The Concentration therefore provides a mix of technical skill, business and societal viewpoints designed to grow students as “cross-sector athletes” – professionals who have the skills, understanding and fluency to navigate and succeed in the public and private sectors, or at the intersection between them.
Students must successfully complete at least 18 credits of approved courses, consisting of:
- A required 3-credit gateway course (MSFS 515-Foundations of Corporate Finance) taken in the first year
- 15 additional credits selected from a pre-approved list which must
include at least one course from two of the three subfields outlined
below
To fulfill the above requirements GBFS concentrators may seek to enroll in courses offered by other graduate programs, including the McDonough School of Business, the Georgetown University Law School and the SFS International Business Diplomacy certificate program.
GBFS Subfields
- Business & Society: Courses that focus on the relationship between business and society – subjects include Social Impact, Regulation, Sustainability, Corporate Diplomacy, Government Relations
- Trade: Courses that focus on the practical aspects and importance of trade to economic growth and International Relations
- Finance: Courses that focus on somewhat more specific skills or sectors – subjects include Emerging Markets, Project Finance, Strategy Finance & Valuation, Energy
Science, Technology, and International Affairs (STIA) – STEM Designated
Now more than ever, science and technology are at the heart of international affairs. The Science, Technology and International Affairs (STIA) concentration equips students with the knowledge, skills and confidence to engage with the challenges and opportunities this presents. Remember that STIA is STEM designated as of 2023. STIA concentrators must take the following courses:
- One Gateway course: MSFS 505: Science Policy Matters: Introduction to the Study of Science, Technology and International Affairs (further details below). Professor Theresa Sabonis-Helf will be leading the gateway course to be offered each spring semester.

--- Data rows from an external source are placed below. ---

sublocale const_deriv: ring_derivation const_deriv
proof
  show "const_deriv (x + y) = const_deriv x + const_deriv y" for x y
    using D_add[of "[:x:]" "[:y:]"] by (simp add: const_deriv_def)
  show "const_deriv (x * y) = x * const_deriv y + const_deriv x * y" for x y
  proof -
    have "D [:x * y:] = smult x (D [:y:]) + smult y (D [:x:])"
      using D_mult[of "[:x:]" "[:y:]"] by (simp add: mult.commute)
    then show ?thesis by (simp add: const_deriv_def mult.commute)
  qed
qed

lemma D_X_top: "degree (D [:0, 1:]) \<le> 2" "coeff (D [:0, 1:]) 2 = - C"
proof -
  have "degree (D [:0, 1:] - monom (- C) 2) < 2"
    using degree_D_X by (simp flip: minus_monom)
  then show "degree (D [:0, 1:]) \<le> 2" "coeff (D [:0, 1:]) 2 = - C"
    by (rule degree_diff_monom_lessD)+
qed

lemma D_top:
  assumes "degree p \<le> n"
  shows "degree (D p) \<le> n + 1 \<and>
    coeff (D p) (n + 1) = const_deriv (coeff p n) - of_nat n * C * coeff p n"
  using assms
proof (induction n arbitrary: p)
  case 0
  then have "p = [:coeff p 0:]" by (simp add: degree_0_id)
  then show ?case using degree_D_const[of "coeff p 0"] by (simp add: const_deriv_def)
next
  case (Suc k)
  obtain c q where p: "p = pCons c q" by (cases p)
  have "degree q \<le> k"
    using Suc.prems degree_pCons_eq[of q c] unfolding p by (cases "q = 0") auto
  note IH = Suc.IH[OF this]
  have "p = [:c:] + [:0, 1:] * q" by (simp add: p)
  then have Dp: "D p = D [:c:] + [:0, 1:] * D q + D [:0, 1:] * q"
    by (simp only: D_add D_mult add.assoc)
  have "degree (D [:c:]) \<le> Suc k + 1"
    using degree_D_const[of c] by simp
  moreover have "degree ([:0, 1:] * D q) \<le> Suc k + 1"
    using degree_mult_le[of "[:0, 1:]" "D q"] IH by simp
  moreover have "degree (D [:0, 1:] * q) \<le> Suc k + 1"
    using degree_mult_le[of "D [:0, 1:]" q] D_X_top(1) \<open>degree q \<le> k\<close> by simp
  ultimately have degree_Dp: "degree (D p) \<le> Suc k + 1"
    unfolding Dp by (intro degree_add_le)
  have "coeff (D [:0, 1:] * q) (2 + k) = - C * coeff q k"
    using coeff_mult_degree_le[OF D_X_top(1) \<open>degree q \<le> k\<close>] D_X_top(2) by simp
  with IH have "coeff (D p) (Suc k + 1) = const_deriv (coeff q k) - of_nat (Suc k) * C * coeff q k"
    unfolding Dp using degree_D_const[of c] by (simp add: coeff_eq_0 algebra_simps)
  then show ?case using degree_Dp by (simp add: p)
qed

- One “tech competence” course from a list of approved natural science, data science or computer science courses. In some cases, students with the necessary prerequisites may take courses offered in other programs of the university (3500 or above) subject to departmental approval. Students who majored or minored in biology, chemistry, physics, computer science or engineering as undergraduates may petition to the concentration chair to be exempted from this requirement, and take an additional elective course instead.
Additionally, students must take four additional courses selected from a list of approved electives, three of which must be in one of the three designated subfields:
Note that many STIA-approved electives qualify for more than one subfield.
STIA Subfields
- Energy and the Global Environment (EGE): Explores key international challenges at the intersection of energy and the environment including global climate change, disease, transboundary resource challenges, food, water and agriculture, and the sustainable energy transition. This subfield places a particular emphasis on global commons and natural resources.

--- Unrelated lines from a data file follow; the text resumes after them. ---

(* Let $G$ be a graph with no induced subgraph isomorphic to $C_4$. Then a clique of $G$ is strong if and only if it is simplicial.
   Context: A clique is strong if it intersects every maximal independent set. A clique $C$ of $G$ is simplicial if there is a vertex $v\in V(G)$ with $C=N[v]$, the closed neighborhood of $v$. *)

theory Defs
  imports Main
begin

definition graph :: "'a set \<Rightarrow> ('a \<Rightarrow> 'a \<Rightarrow> bool) \<Rightarrow> bool" where
  "graph V E \<longleftrightarrow> finite V \<and> (\<forall>x y. E x y \<longrightarrow> x \<in> V \<and> y \<in> V)
     \<and> (\<forall>x y. E x y \<longrightarrow> E y x) \<and> (\<forall>x. \<not> E x x)"

definition clique :: "'a set \<Rightarrow> ('a \<Rightarrow> 'a \<Rightarrow> bool) \<Rightarrow> 'a set \<Rightarrow> bool" where
  "clique V E C \<longleftrightarrow> C \<subseteq> V \<and> (\<forall>x\<in>C. \<forall>y\<in>C. x \<noteq> y \<longrightarrow> E x y)"

definition independent :: "'a set \<Rightarrow> ('a \<Rightarrow> 'a \<Rightarrow> bool) \<Rightarrow> 'a set \<Rightarrow> bool" where
  "independent V E S \<longleftrightarrow> S \<subseteq> V \<and> (\<forall>x\<in>S. \<forall>y\<in>S. \<not> E x y)"

definition maximal_independent :: "'a set \<Rightarrow> ('a \<Rightarrow> 'a \<Rightarrow> bool) \<Rightarrow> 'a set \<Rightarrow> bool" where
  "maximal_independent V E S \<longleftrightarrow> independent V E S \<and>
     (\<forall>T. independent V E T \<and> S \<subseteq> T \<longrightarrow> T = S)"

definition strong_clique :: "'a set \<Rightarrow> ('a \<Rightarrow> 'a \<Rightarrow> bool) \<Rightarrow> 'a set \<Rightarrow> bool" where
  "strong_clique V E C \<longleftrightarrow> clique V E C \<and>
     (\<forall>S. maximal_independent V E S \<longrightarrow> C \<inter> S \<noteq> {})"

definition closed_nbhd :: "'a set \<Rightarrow> ('a \<Rightarrow> 'a \<Rightarrow> bool) \<Rightarrow> 'a \<Rightarrow> 'a set" where
  "closed_nbhd V E v = {u\<in>V. E v u} \<union> {v}"

definition simplicial_clique :: "'a set \<Rightarrow> ('a \<Rightarrow> 'a \<Rightarrow> bool) \<Rightarrow> 'a set \<Rightarrow> bool" where
  "simplicial_clique V E C \<longleftrightarrow> clique V E C \<and> (\<exists>v\<in>V. C = closed_nbhd V E v)"

definition C4_free :: "'a set \<Rightarrow> ('a \<Rightarrow> 'a \<Rightarrow> bool) \<Rightarrow> bool" where
  "C4_free V E \<longleftrightarrow> \<not> (\<exists>a\<in>V. \<exists>b\<in>V. \<exists>c\<in>V. \<exists>d\<in>V. distinct [a,b,c,d] \<and>
      E a b \<and> E b c \<and> E c d \<and> E d a \<and> \<not> E a c \<and> \<not> E b d)"

end

theory Submission
  imports Defs
begin

text \<open>
  A maximal independent set missing N[v] could be enlarged by v, so simplicial cliques are
  strong in every graph. Conversely, let C be a clique that is not simplicial, so every vertex
  of C has a neighbour outside C. Without induced C4, adjacent vertices u, w outside C have
  comparable neighbourhoods in C (otherwise a, u, w, d with a adjacent to u only and d
  adjacent to w only would induce a C4). Hence greedily choosing outside vertices with
  inclusion-maximal neighbourhoods among the not yet dominated vertices of C yields an
  independent set outside C dominating C; any maximal independent set containing it
  misses C, so C is not strong.
\<close>

lemma graph_adj_sym: "graph V E \<Longrightarrow> E x y \<Longrightarrow> E y x"
  by (simp add: graph_def)

lemma graph_adj_irrefl: "graph V E \<Longrightarrow> \<not> E x x"
  by (simp add: graph_def)

lemma independent_insert:
  assumes "graph V E" and "independent V E S" and "u \<in> V" and "\<forall>w\<in>S. \<not> E u w"
  shows "independent V E (insert u S)"
  using assms graph_adj_sym[OF assms(1)] graph_adj_irrefl[OF assms(1)]
  unfolding independent_def by (metis insert_iff insert_subset)

lemma independent_extends_to_maximal:
  assumes "finite V" and "independent V E S"
  shows "\<exists>T. maximal_independent V E T \<and> S \<subseteq> T"
proof -
  let ?F = "{T. independent V E T \<and> S \<subseteq> T}"
  have "?F \<subseteq> Pow V"
    by (auto simp: independent_def)
  then have "finite ?F"
    using assms(1) by (meson finite_Pow_iff finite_subset)
  moreover have "S \<in> ?F" using assms(2) by simp
  ultimately obtain T where T: "T \<in> ?F" and T_max: "\<And>T'. T' \<in> ?F \<Longrightarrow> T \<subseteq> T' \<Longrightarrow> T = T'"
    using finite_has_maximal2[of ?F S] by auto
  have "maximal_independent V E T"
    unfolding maximal_independent_def
  proof (intro conjI allI impI)
    show "independent V E T" using T by simp
    fix T' assume "independent V E T' \<and> T \<subseteq> T'"
    then show "T' = T" using T T_max[of T'] by auto
  qed
  then show ?thesis
    using T by auto
qed

lemma maximal_independent_meets_closed_nbhd:
  assumes "graph V E" and "maximal_independent V E S" and "v \<in> V"
  shows "closed_nbhd V E v \<inter> S \<noteq> {}"
proof
  assume miss: "closed_nbhd V E v \<inter> S = {}"
  have S: "independent V E S" and S_max: "\<And>T. independent V E T \<Longrightarrow> S \<subseteq> T \<Longrightarrow> T = S"
    using assms(2) unfolding maximal_independent_def by auto
  have "\<forall>x\<in>S. \<not> E v x"
    using miss S unfolding closed_nbhd_def independent_def by auto
  then have "independent V E (insert v S)"
    using independent_insert[OF assms(1) S assms(3)] by simp
  then have "v \<in> S"
    using S_max by auto
  then show False
    using miss unfolding closed_nbhd_def by auto
qed

lemma simplicial_imp_strong_clique:
  assumes "graph V E" and "simplicial_clique V E C"
  shows "strong_clique V E C"
proof -
  obtain v where "clique V E C" "v \<in> V" "C = closed_nbhd V E v"
    using assms(2) unfolding simplicial_clique_def by auto
  then show ?thesis
    using maximal_independent_meets_closed_nbhd[OF assms(1)] unfolding strong_clique_def by simp
qed

lemma not_simplicial_clique_outside_neighbour:
  assumes "clique V E C" and "\<not> simplicial_clique V E C" and "v \<in> C"
  shows "\<exists>u\<in>V - C. E v u"
proof -
  have "C \<subseteq> closed_nbhd V E v"
    using assms(1,3) unfolding clique_def closed_nbhd_def by auto
  moreover have "C \<noteq> closed_nbhd V E v"
    using assms unfolding simplicial_clique_def clique_def by auto
  ultimately obtain u where "u \<in> closed_nbhd V E v" and "u \<notin> C" by auto
  then show ?thesis
    using assms(3) unfolding closed_nbhd_def by auto
qed

lemma C4_free_clique_nbhds_comparable:
  assumes "graph V E" and "C4_free V E" and "clique V E C"
    and "u \<in> V - C" and "w \<in> V - C" and "E u w"
  shows "{c\<in>C. E u c} \<subseteq> {c\<in>C. E w c} \<or> {c\<in>C. E w c} \<subseteq> {c\<in>C. E u c}"
proof (rule ccontr)
  assume "\<not> ?thesis"
  then obtain a d where a: "a \<in> C" "E u a" "\<not> E w a" and d: "d \<in> C" "E w d" "\<not> E u d"
    by auto
  have "a \<noteq> d" using a d by auto
  then have "E d a"
    using a d assms(3) by (simp add: clique_def)
  moreover have "a \<in> V" "d \<in> V"
    using a d assms(3) by (auto simp: clique_def)
  moreover have "E a u" "\<not> E a w"
    using a graph_adj_sym[OF assms(1)] by metis+
  moreover have "u \<noteq> w"
    using assms(6) graph_adj_irrefl[OF assms(1)] by metis
  ultimately have "distinct [a, u, w, d] \<and> E a u \<and> E u w \<and> E w d \<and> E d a \<and> \<not> E a w \<and> \<not> E u d"
    using a d assms(4-6) by auto
  then show False
    using assms(2,4,5) \<open>a \<in> V\<close> \<open>d \<in> V\<close> unfolding C4_free_def by (meson DiffD1)
qed

lemma C4_free_maximal_nbhd_nonadjacent:
  assumes "graph V E" and "C4_free V E" and "clique V E C" and "D \<subseteq> C"
    and "u \<in> V - C" and "w \<in> V - C"
    and u_max: "\<forall>x\<in>V - C. {d\<in>D. E u d} \<subseteq> {d\<in>D. E x d} \<longrightarrow> {d\<in>D. E u d} = {d\<in>D. E x d}"
    and "d \<in> D" and "E w d" and "\<not> E u d"
  shows "\<not> E u w"
proof
  assume "E u w"
  then have "{d\<in>D. E u d} \<subseteq> {d\<in>D. E w d} \<or> {d\<in>D. E w d} \<subseteq> {d\<in>D. E u d}"
    using C4_free_clique_nbhds_comparable[OF assms(1-3,5,6)] assms(4) by auto
  moreover have "d \<in> {d\<in>D. E w d} - {d\<in>D. E u d}"
    using assms(8-10) by auto
  ultimately show False
    using u_max assms(6) by auto
qed

text \<open>
  Each chosen vertex keeps a neighbour among the vertices it was chosen to dominate; this
  neighbour is what keeps a later vertex from being adjacent to an earlier one.
\<close>

lemma C4_free_clique_dominating_independent:
  assumes "graph V E" and "C4_free V E" and "clique V E C"
    and "D \<subseteq> C" and "\<forall>d\<in>D. \<exists>u\<in>V - C. E d u"
  shows "\<exists>S. independent V E S \<and> S \<inter> C = {} \<and> (\<forall>w\<in>S. \<exists>d\<in>D. E w d) \<and> (\<forall>d\<in>D. \<exists>w\<in>S. E d w)"
  using assms(4,5)
proof (induction "card D" arbitrary: D rule: less_induct)
  case less
  note sym = graph_adj_sym[OF assms(1)]
  have "finite V" using assms(1) by (simp add: graph_def)
  show ?case
  proof (cases "D = {}")
    case True
    then show ?thesis by (intro exI[of _ "{}"]) (simp add: independent_def)
  next
    case False
    define N where "N x = {d\<in>D. E x d}" for x
    obtain d0 where "d0 \<in> D"
      using False by auto
    then obtain u0 where "u0 \<in> V - C" "E d0 u0"
      using less.prems(2) by auto
    have "finite (N ` (V - C))"
      using \<open>finite V\<close> by simp
    then obtain u where u: "u \<in> V - C" "N u0 \<subseteq> N u"
      and u_max: "\<forall>x\<in>V - C. N u \<subseteq> N x \<longrightarrow> N u = N x"
      using finite_has_maximal2[of "N ` (V - C)" "N u0"] \<open>u0 \<in> V - C\<close> by auto
    have "d0 \<in> N u"
      using u \<open>d0 \<in> D\<close> \<open>E d0 u0\<close> sym unfolding N_def by auto
    define D' where "D' = D - N u"
    have "finite D"
      using less.prems(1) assms(3) \<open>finite V\<close> unfolding clique_def by (meson finite_subset)
    then have "card D' < card D"
      unfolding D'_def using \<open>d0 \<in> N u\<close> N_def by (intro psubset_card_mono) auto
    moreover have "D' \<subseteq> C" "\<forall>d\<in>D'. \<exists>u\<in>V - C. E d u"
      using less.prems unfolding D'_def by auto
    ultimately obtain S' where S': "independent V E S'" "S' \<inter> C = {}"
      "\<forall>w\<in>S'. \<exists>d\<in>D'. E w d" "\<forall>d\<in>D'. \<exists>w\<in>S'. E d w"
      using less.hyps[of D'] by auto
    have u_indep: "\<not> E u w" if "w \<in> S'" for w
    proof -
      have "w \<in> V - C"
        using that S'(1,2) unfolding independent_def by auto
      moreover obtain d' where "d' \<in> D" "E w d'" "\<not> E u d'"
        using S'(3) \<open>w \<in> S'\<close> unfolding D'_def N_def by auto
      ultimately show ?thesis
        using C4_free_maximal_nbhd_nonadjacent[OF assms(1-3) less.prems(1) u(1) _ u_max[unfolded N_def]]
        by simp
    qed
    show ?thesis
    proof (intro exI[of _ "insert u S'"] conjI)
      show "independent V E (insert u S')"
        using independent_insert[OF assms(1) S'(1)] u(1) u_indep by simp
      show "insert u S' \<inter> C = {}"
        using S'(2) u(1) by auto
      show "\<forall>w\<in>insert u S'. \<exists>d\<in>D. E w d"
        using S'(3) \<open>d0 \<in> N u\<close> unfolding D'_def N_def by auto
      show "\<forall>d\<in>D. \<exists>w\<in>insert u S'. E d w"
        using S'(4) sym unfolding D'_def N_def by auto
    qed
  qed
qed

lemma dominating_independent_imp_not_strong:
  assumes "graph V E" and "independent V E S" and "\<forall>c\<in>C. \<exists>w\<in>S. E c w"
  shows "\<not> strong_clique V E C"
proof -
  have "finite V" using assms(1) by (simp add: graph_def)
  then obtain T where T: "maximal_independent V E T" "S \<subseteq> T"
    using independent_extends_to_maximal[OF _ assms(2)] by auto
  have "C \<inter> T = {}"
  proof (rule ccontr)
    assume "C \<inter> T \<noteq> {}"
    then obtain c where "c \<in> C" "c \<in> T" by auto
    moreover obtain w where "w \<in> S" "E c w"
      using assms(3) \<open>c \<in> C\<close> by auto
    ultimately show False
      using T unfolding maximal_independent_def independent_def by auto
  qed
  then show ?thesis
    using T(1) unfolding strong_clique_def by auto
qed

lemma C4_free_strong_imp_simplicial_clique:
  assumes "graph V E" and "C4_free V E" and "strong_clique V E C"
  shows "simplicial_clique V E C"
proof (rule ccontr)
  assume "\<not> simplicial_clique V E C"
  moreover have "clique V E C"
    using assms(3) by (simp add: strong_clique_def)
  ultimately have "\<forall>c\<in>C. \<exists>u\<in>V - C. E c u"
    using not_simplicial_clique_outside_neighbour by auto
  then obtain S where "independent V E S" "\<forall>c\<in>C. \<exists>w\<in>S. E c w"
    using C4_free_clique_dominating_independent[OF assms(1,2) \<open>clique V E C\<close> order_refl] by auto
  then show False
    using dominating_independent_imp_not_strong[OF assms(1)] assms(3) by auto
qed

theorem mainTheorem9:
  assumes "graph V E" and "C4_free V E" and "clique V E C"
  shows "strong_clique V E C \<longleftrightarrow> simplicial_clique V E C"
  using assms C4_free_strong_imp_simplicial_clique simplicial_imp_strong_clique by auto

end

- Innovation and Emerging Technologies (IET): Explores transformative technologies from biotechnology to artificial intelligence, as well as the technological innovation process. This subfield places a particular emphasis on the role of the market and the state’s efforts to shape it.

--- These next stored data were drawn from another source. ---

(* Let $P\in\mathcal E_0$, assume $\hat f,\hat g$ are estimated on an auxiliary data set independent of $(\mathbf X^{(n)},\mathbf Y^{(n)},\mathbf Z^{(n)})$, and let $K\ge1$ be fixed. Assume there exists $C>0$ with $|w_k(z)|\le C$ for all $z$ and $k=1,\dots,K$. Assume $A_fA_g=o_P(n^{-1})$, $B_f=o_P(1)$, $B_g=o_P(1)$, $\mathbb E_P[\epsilon_P^2\xi_P^2w_k(Z)^2]>0$ for all $k$, and $\mathbb E_P[\epsilon_P^2\xi_P^2]<\infty$. If there exists $k\in\{1,\dots,K\}$ with $\mathbb E_P[\epsilon_P\xi_Pw_k(Z)]\ne0$, then $\mathbb P_P(S_n\ge M)\to1$ for all $M>0$.
   Context: Let $X,Y$ be real-valued random variables and $Z$ a random vector in $\mathbb R^{d_Z}$. $\mathcal E_0$ is the set of distributions of $(X,Y,Z)$ absolutely continuous with respect to Lebesgue measure. For $P\in\mathcal E_0$: $f_P(z)=\mathbb E_P[X\mid Z=z]$, $g_P(z)=\mathbb E_P[Y\mid Z=z]$, $\epsilon_P=X-f_P(Z)$, $\xi_P=Y-g_P(Z)$, $u_P(z)=\mathbb E_P[\epsilon_P^2\mid Z=z]$, $v_P(z)=\mathbb E_P[\xi_P^2\mid Z=z]$. Data $(x_i,y_i,z_i)$, $i=1,\dots,n$, i.i.d. copies of $(X,Y,Z)$ form $(\mathbf X^{(n)},\mathbf Y^{(n)},\mathbf Z^{(n)})$; $\hat f,\hat g$ estimate $f_P,g_P$. $A_f=\frac1n\sum_i(f_P(z_i)-\hat f(z_i))^2$, $A_g=\frac1n\sum_i(g_P(z_i)-\hat g(z_i))^2$, $B_f=\frac1n\sum_i(f_P(z_i)-\hat f(z_i))^2v_P(z_i)$, $B_g=\frac1n\sum_i(g_P(z_i)-\hat g(z_i))^2u_P(z_i)$. For fixed measurable weight functions $w_1,\dots,w_K$, let $R_{ki}=(x_i-\hat f(z_i))(y_i-\hat g(z_i))w_k(z_i)$, $\mathbf R_k=(R_{k1},\dots,R_{kn})^T$, $\bar{\mathbf R}_k$ its coordinate mean, $T_k^{(n)}=\sqrt n\bar{\mathbf R}_k/(\frac1n\|\mathbf R_k\|_2^2-\bar{\mathbf R}_k^2)^{1/2}$ and $S_n=\max_{k=1,\dots,K}|T_k^{(n)}|$. $V_n=o_P(W_n)$ means $\mathbb P_P(|V_n/W_n|>\delta)\to0$ for all $\delta>0$. *)

theory Defs
  imports "HOL-Probability.Probability"
begin

definition is_cond_exp_fun ::
  "'b measure \<Rightarrow> ('b \<Rightarrow> real) \<Rightarrow> ('b \<Rightarrow> 'c::topological_space) \<Rightarrow> ('c \<Rightarrow> real) \<Rightarrow> bool" where
  "is_cond_exp_fun P X Z f \<longleftrightarrow>
     integrable P X \<and> f \<in> borel_measurable borel \<and>
     (\<forall>A \<in> sets borel.
        integrable P (\<lambda>\<omega>. f (Z \<omega>) * indicator A (Z \<omega>)) \<and>
        (\<integral>\<omega>. X \<omega> * indicator A (Z \<omega>) \<partial>P) = (\<integral>\<omega>. f (Z \<omega>) * indicator A (Z \<omega>) \<partial>P))"

text \<open>Version of z \<mapsto> E[X | Z = z] for a nonnegative X (not necessarily integrable),
  via nonnegative integrals.\<close>
definition is_cond_exp_fun_nonneg ::
  "'b measure \<Rightarrow> ('b \<Rightarrow> real) \<Rightarrow> ('b \<Rightarrow> 'c::topological_space) \<Rightarrow> ('c \<Rightarrow> real) \<Rightarrow> bool" where
  "is_cond_exp_fun_nonneg P X Z f \<longleftrightarrow>
     f \<in> borel_measurable borel \<and> (\<forall>z. 0 \<le> f z) \<and>
     (\<forall>A \<in> sets borel.
        (\<integral>\<^sup>+\<omega>. ennreal (X \<omega>) * indicator A (Z \<omega>) \<partial>P) =
        (\<integral>\<^sup>+\<omega>. ennreal (f (Z \<omega>)) * indicator A (Z \<omega>) \<partial>P))"

definition small_oP :: "'a measure \<Rightarrow> (nat \<Rightarrow> 'a \<Rightarrow> real) \<Rightarrow> (nat \<Rightarrow> real) \<Rightarrow> bool" where
  "small_oP M V W \<longleftrightarrow>
     (\<forall>\<delta>>0. (\<lambda>n. measure M {\<omega> \<in> space M. \<bar>V n \<omega> / W n\<bar> > \<delta>}) \<longlonglongrightarrow> 0)"

text \<open>The normalised statistic T = sqrt n * mean(R) / (mean(R^2) - mean(R)^2)^(1/2)
  of the first n entries of R (division by zero yields 0, Isabelle's convention).\<close>
definition T_stat :: "nat \<Rightarrow> (nat \<Rightarrow> real) \<Rightarrow> real" where
  "T_stat n R =
     (let m = (\<Sum>i<n. R i) / real n;
          s2 = (\<Sum>i<n. (R i)\<^sup>2) / real n - m\<^sup>2
      in sqrt (real n) * m / sqrt s2)"

definition R_res :: "('z \<Rightarrow> real) \<Rightarrow> ('z \<Rightarrow> real) \<Rightarrow> ('z \<Rightarrow> real)
     \<Rightarrow> (nat \<Rightarrow> real) \<Rightarrow> (nat \<Rightarrow> real) \<Rightarrow> (nat \<Rightarrow> 'z) \<Rightarrow> nat \<Rightarrow> real" where
  "R_res fh gh wk xs ys zs i = (xs i - fh (zs i)) * (ys i - gh (zs i)) * wk (zs i)"

definition S_stat :: "nat \<Rightarrow> nat \<Rightarrow> ('z \<Rightarrow> real) \<Rightarrow> ('z \<Rightarrow> real) \<Rightarrow> (nat \<Rightarrow> 'z \<Rightarrow> real)
     \<Rightarrow> (nat \<Rightarrow> real) \<Rightarrow> (nat \<Rightarrow> real) \<Rightarrow> (nat \<Rightarrow> 'z) \<Rightarrow> real" where
  "S_stat K n fh gh w xs ys zs = Max ((\<lambda>k. \<bar>T_stat n (R_res fh gh (w k) xs ys zs)\<bar>) ` {1..K})"

end

theory Submission
  imports Defs
begin

(* Write the k-th residual product as R_i = (eps_i + a_i) (xi_i + b_i) w_k(z_i) with
   a = f_P - fhat and b = g_P - ghat.  The average of eps_i xi_i w_k(z_i) converges in
   probability to rho_k = E[eps xi w_k(Z)] \<noteq> 0 (Chebyshev), and by Cauchy-Schwarz the
   other three averages are bounded by C times the square roots of mean(eps^2 b^2),
   mean(xi^2 a^2) and A_f A_g.  Because fhat and ghat are independent of the sample,
   E[eps_i^2 | auxiliary data, z] = u_P(z_i), so mean(eps^2 b^2) is small whenever B_g is
   (and symmetrically for B_f); A_f A_g = o_P(1/n) is assumed.  Hence the numerator of T_k
   is of order sqrt n |rho_k| while the same bounds and Markov's inequality keep the
   empirical variance bounded in probability, so |T_k|, and with it S_n, diverges.  The
   variance can only vanish, making T_k = 0 by division by zero, if two residual
   products coincide, which has probability zero since P has a Lebesgue density. *)

section \<open>Deterministic bounds on the statistic\<close>

abbreviation sample_mean :: "nat \<Rightarrow> (nat \<Rightarrow> real) \<Rightarrow> real" where
  "sample_mean n R \<equiv> (\<Sum>i<n. R i) / real n"

abbreviation sample_var :: "nat \<Rightarrow> (nat \<Rightarrow> real) \<Rightarrow> real" where
  "sample_var n R \<equiv> sample_mean n (\<lambda>i. (R i)\<^sup>2) - (sample_mean n R)\<^sup>2"

lemma T_stat_eq: "T_stat n R = sqrt (real n) * sample_mean n R / sqrt (sample_var n R)"
  by (simp add: T_stat_def Let_def)

lemma T_stat_cong: "(\<And>i. i < n \<Longrightarrow> R i = R' i) \<Longrightarrow> T_stat n R = T_stat n R'"
proof -
  assume h: "\<And>i. i < n \<Longrightarrow> R i = R' i"
  have "(\<Sum>i<n. R i) = (\<Sum>i<n. R' i)" "(\<Sum>i<n. (R i)\<^sup>2) = (\<Sum>i<n. (R' i)\<^sup>2)"
    by (auto intro!: sum.cong simp: h)
  then show ?thesis unfolding T_stat_eq by simp
qed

- Science, Technology and International Strategy (STIS): Explores role of technology in national strategy including the science and technology issues behind space cooperation and competition; nonproliferation, arms control and disarmament initiatives; cyber security and artificial intelligence in diplomacy, development and interstate competition. This subfield places a particular emphasis on science and technology as instruments of power and tools of diplomacy for state and non-state actors.